Clinton’s Tortuous 86-Day Process of Selecting RBG

That’s the topic of my new Confirmation Tales post, in which I document how Bill Clinton, over the course of nearly three months, always seemed to be just two or three weeks away from selecting his nominee to fill Justice Byron White’s seat. Here are the several lessons that I draw from that experience:

  1. Each president brings his own characteristics of decision-making to the process of nominating a justice. Different characteristics have their offsetting advantages and disadvantages. Clinton was very much at one extreme in the extent of his personal involvement in assessing the candidates and their records and in his inability to reach closure on his decision.
  2. It’s easy for the selection process to take much longer than it should. Clinton had the luxury of a lot of time, so his slow pace didn’t hurt him much. (As I will discuss later, Obama’s effort to fill the Scalia vacancy in 2016 would have been much more likely to succeed if he had selected a nominee within a week of Scalia’s death rather than 31 days later.)
  3. Short-term political considerations (e.g., the White House’s fear of eroding its Senate majority) can play a seemingly disproportionate role in the process. There is a temporal mismatch between the desire of a president and White House staffers to secure a political victory and the decades-long impact that a justice might have on the Court.
  4. A White House doesn’t do itself or potential candidates any favors by leaking their names. Leaks give opponents an opportunity to concentrate their fire.
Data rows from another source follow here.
(* Let $\mathcal X$ be a separable Hilbert space, $a:\mathcal X\times\mathcal X\to\mathbb R$ a bounded bilinear form with $\inf_{x\neq0}a(x,x)/\|x\|_{\mathcal X}^2=c_0>0$, $f\in\mathcal X^*$, and let $u\in\mathcal X$ solve $a(u,v)=f(v)$ for all $v\in\mathcal X$. Let $(w_n)_{n\in\mathbb N}$ be a Riesz basis of $\mathcal X$ with a constant $C>0$ such that every $x=\sum_n\lambda_nw_n\in\mathcal X$ satisfies $C^{-1}\|x\|_{\mathcal X}^2\le\sum_n\lambda_n^2\le C\|x\|_{\mathcal X}^2$, and let $\mathcal X_\ell={\rm span}\{w_1,\dots,w_{N_\ell}\}$ for integers $N_\ell<N_{\ell+1}$; let $u_\ell\in\mathcal X_\ell$ solve $a(u_\ell,v)=f(v)$ for all $v\in\mathcal X_\ell$. If the matrix $M_{ij}:=a(w_j,w_i)$ belongs to the Jaffard class $\mathcal J$, then there exists $C_{\rm qo}>0$ with \[ C_{\rm qo}^{-1}\|u-u_\ell\|_{\mathcal X}^2\le\sum_{k=\ell}^\infty\|u_{k+1}-u_k\|_{\mathcal X}^2\le C_{\rm qo}\|u-u_\ell\|_{\mathcal X}^2\quad\text{for all }\ell\in\mathbb N. \] The constant $C_{\rm qo}$ depends only on $(w_n)$, $a$, $C$, $c_0$, the Jaffard class and $\mathcal X$.
   Context: $M\in\mathcal J$ means there exist a metric $d$ on $\mathbb N$ with $\sup_i\sum_j\exp(-\varepsilon d(i,j))<\infty$ for all $\varepsilon>0$, and $\gamma>0$, such that for every $0<\gamma'<\gamma$ there is $C(\gamma')$ with $|M_{ij}|\le C(\gamma')\exp(-\gamma'd(i,j))$ for all $i,j$. *)

theory Defs
  imports "HOL-Analysis.Analysis"
begin

definition riesz_basis :: "(nat \<Rightarrow> 'a::real_normed_vector) \<Rightarrow> real \<Rightarrow> bool" where
  "riesz_basis w C \<longleftrightarrow> C > 0 \<and>
     (\<forall>x. \<exists>lam. (\<lambda>n. lam n *\<^sub>R w n) sums x) \<and>
     (\<forall>x lam. (\<lambda>n. lam n *\<^sub>R w n) sums x \<longrightarrow>
        summable (\<lambda>n. (lam n)\<^sup>2) \<and>
        (1 / C) * (norm x)\<^sup>2 \<le> (\<Sum>n. (lam n)\<^sup>2) \<and>
        (\<Sum>n. (lam n)\<^sup>2) \<le> C * (norm x)\<^sup>2)"

definition nat_metric :: "(nat \<Rightarrow> nat \<Rightarrow> real) \<Rightarrow> bool" where
  "nat_metric d \<longleftrightarrow> (\<forall>i j. 0 \<le> d i j) \<and> (\<forall>i j. d i j = 0 \<longleftrightarrow> i = j) \<and>
     (\<forall>i j. d i j = d j i) \<and> (\<forall>i j k. d i k \<le> d i j + d j k)"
Yes, it’s useful to know in advance who might not be happy with a nominee, but there are better ways to find that out than by triggering responses to news articles.
  5. No matter how intent a president is on selecting a politician with a “big heart” and a breadth of real-world experience outside what some deride as the “judicial monastery,” there will always be various judges who will be viewed as safer and higher-quality picks. The longer the process goes, the less likely it is that a president will try something daring. (The last politician to be appointed to the Court was Earl Warren seven decades ago.)